半眼を向けるアリサに、さすがに居心地悪く答える雄一。

すると、

 

「ま、待って!」

 

突然、すずかが一同を制した。

その声に一同の目がすずかへ向けられた。

 

「皆、聞いてもらえるかな」

 

 

 

 

「・・・・・・吸血鬼」

「それに夜の一族に龍の一族、か」

 

すずかの話を一通り聞くと、なのはが呆然と呟いた。

アリサはもちろん他の魔法関係者も思わぬ話に皆言葉を失う。

すずかの家、月村は吸血鬼の一族であり、すずかも血が薄いとはいえ吸血鬼なのだという。

そして、彼女が属する夜の一族は龍の一族と敵対しているのだという。

 

「だから・・・・・・私は、人間じゃない・・・・・・化け物で」

「・・・・・・すずかちゃん」

 

沈痛な表情でこぼすすずか。

彼女の様子に、はやても同じく表情を沈ませる。

だが、

 

「それで?」

 

雄一は真顔で問い返していた。

その調子に、かえってすずかの方が戸惑った。

 

「それで、って、え?」

「吸血鬼といっても、伝承どおりってわけじゃないんだろ?」

 

雄一の知る限り、すずかは日光やにんにくに拒否感が在るわけでもなく、十字架や流水を苦手としているわけでもない。

そもそも、

 

「第一、すずかは人を襲うのか? 俺達を襲って血を吸いたいって思うのか?」

「そんなの、思うわけない!」

 

雄一の問いに、眦に滴を滲ませながら叫ぶすずか。

その様子に、雄一は変わらず肩を竦めた。

 

「だろうな。それなら、俺達がすずかを怖がる理由が在るのか?」

「そ、それは・・・・・・でも、私は、化け物で」

「すずかが化け物だったら、俺は何なんだよ」

「え? それって?」

「少なくとも、俺の異能は人を簡単に殺せる。それどころか、その人が存在した、って情報そのものを消すこともできてしまう」

 

精霊の異能は容易く人を傷つけられる。

それこそ、<アルス・マグナ>なら、対象の因果そのものを弄ることもできるだろう。

 

「そんな俺だけど、すずかは俺が怖いと思うか?」

「そんなことないよ!」

「なら、問題ないよな?」

 

激しい否定をするすずかに、笑みを浮かべる雄一。

その笑みに、すずかは毒気を抜かれてしまい、ポカンとしてしまった。

 

『すずか、おぬしは自分が人でないと言うたな』

「そうで・・・・・・え、今のは?」

 

突然の声に、応えてから声の主に聞き覚えがないに気がついたすずかは周囲に目を動かした。

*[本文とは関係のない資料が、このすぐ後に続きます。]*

theorem theoremA:
  fixes p :: nat and P :: "'a monoid"
  assumes "Factorial_Ring.prime p"
    and "group P" and "finite (carrier P)"
    and "\<exists>n::nat. order P = p ^ n"
    and "\<not> cyclic_group P"
    and "\<forall>x \<in> carrier P. x [^]\<^bsub>P\<^esub> p = \<one>\<^bsub>P\<^esub>"
  shows "\<exists>G :: nat monoid. group G \<and> finite (carrier G) \<and> solvable G
           \<and> (\<forall>Q \<in> Syl p G. G\<lparr>carrier := Q\<rparr> \<cong> P)
           \<and> has_redundant_sylow p G"
proof -
  obtain n where n: "order P = p ^ n"
    using assms(4) by blast
  show ?thesis
  proof (cases "p = 2")
    case True
    then have "of_nat p * (2 :: 3) = 1" "\<not> p dvd CARD(3)"
      by simp_all
    then show ?thesis
      using exists_nat_group_with_redundant_sylow[OF assms(1,2) n assms(5,6)] by blast
  next
    case False
    then have "p > 2"
      using prime_ge_2_nat[OF assms(1)] by simp
    then have "of_nat p * (1 :: 2) = 1" "\<not> p dvd CARD(2)"
      using prime_odd_nat[OF assms(1)] of_nat_odd_eq_1_mod_2 by (auto dest: dvd_imp_le)
    then show ?thesis
      using exists_nat_group_with_redundant_sylow[OF assms(1,2) n assms(5,6)] by blast
  qed
qed

end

その中、雄一は懐から懐中時計を取り出すと、机の上に置いた。

 

『ここじゃ』

「え? 懐中時計から声が?」

「これがデバイス。そして、こいつは俺の相棒でカナメっていう」

 

すずかとアリサに、雄一はデバイスについて説明する。

すずか達は、雄一の説明やなのは達の補足を聞きながら、カナメの言葉に耳を傾ける。

 

『先ほど主殿が言ったとおり、契約者の異能は容易く人を殺せる。私も人を斬ったことがある』

「「・・・・・・」」

 

人を斬った。

それがどういう意味か、分からぬすずか達ではない。

 

『だから、私も惑うた。契約者は人ではないとな。じゃが、そんな時、ある契約者に言われたのじゃ。「たとえ誰が否定しようとも、私がそうであることを否定しない限り、私は人間です。貴女は本当はどちらでいたいのですか」とな』

「本当はどちらでいたいのか・・・・・・ですか」

『すずかよ、おぬしはどうなのじゃ?』

「私は・・・・・・私は人間です!」

『ならば、それでよいのではないかの?』

「それで・・・・・・いいんですか?」

 

カナメの断言に、すずかはなのは達へと問うた。

 

「皆は・・・・・・それでいいの?」

 

すずかとしては、崖から飛び降りるような思いの問いだった。

だが、

 

「当たり前じゃない!」

「もちろんなの!」

「すずかはすずかだよ」

「それにすずかちゃん、吸血鬼っぽくないやん♪」

「約一名、空気読め。具体的にはそこの狸」

「ヒドイ!?」

 

変わらぬ遣り取りを交わすなのは達。

その様子に、すずかは初めは呆然としていたが、やがて柔らかに微笑んだ。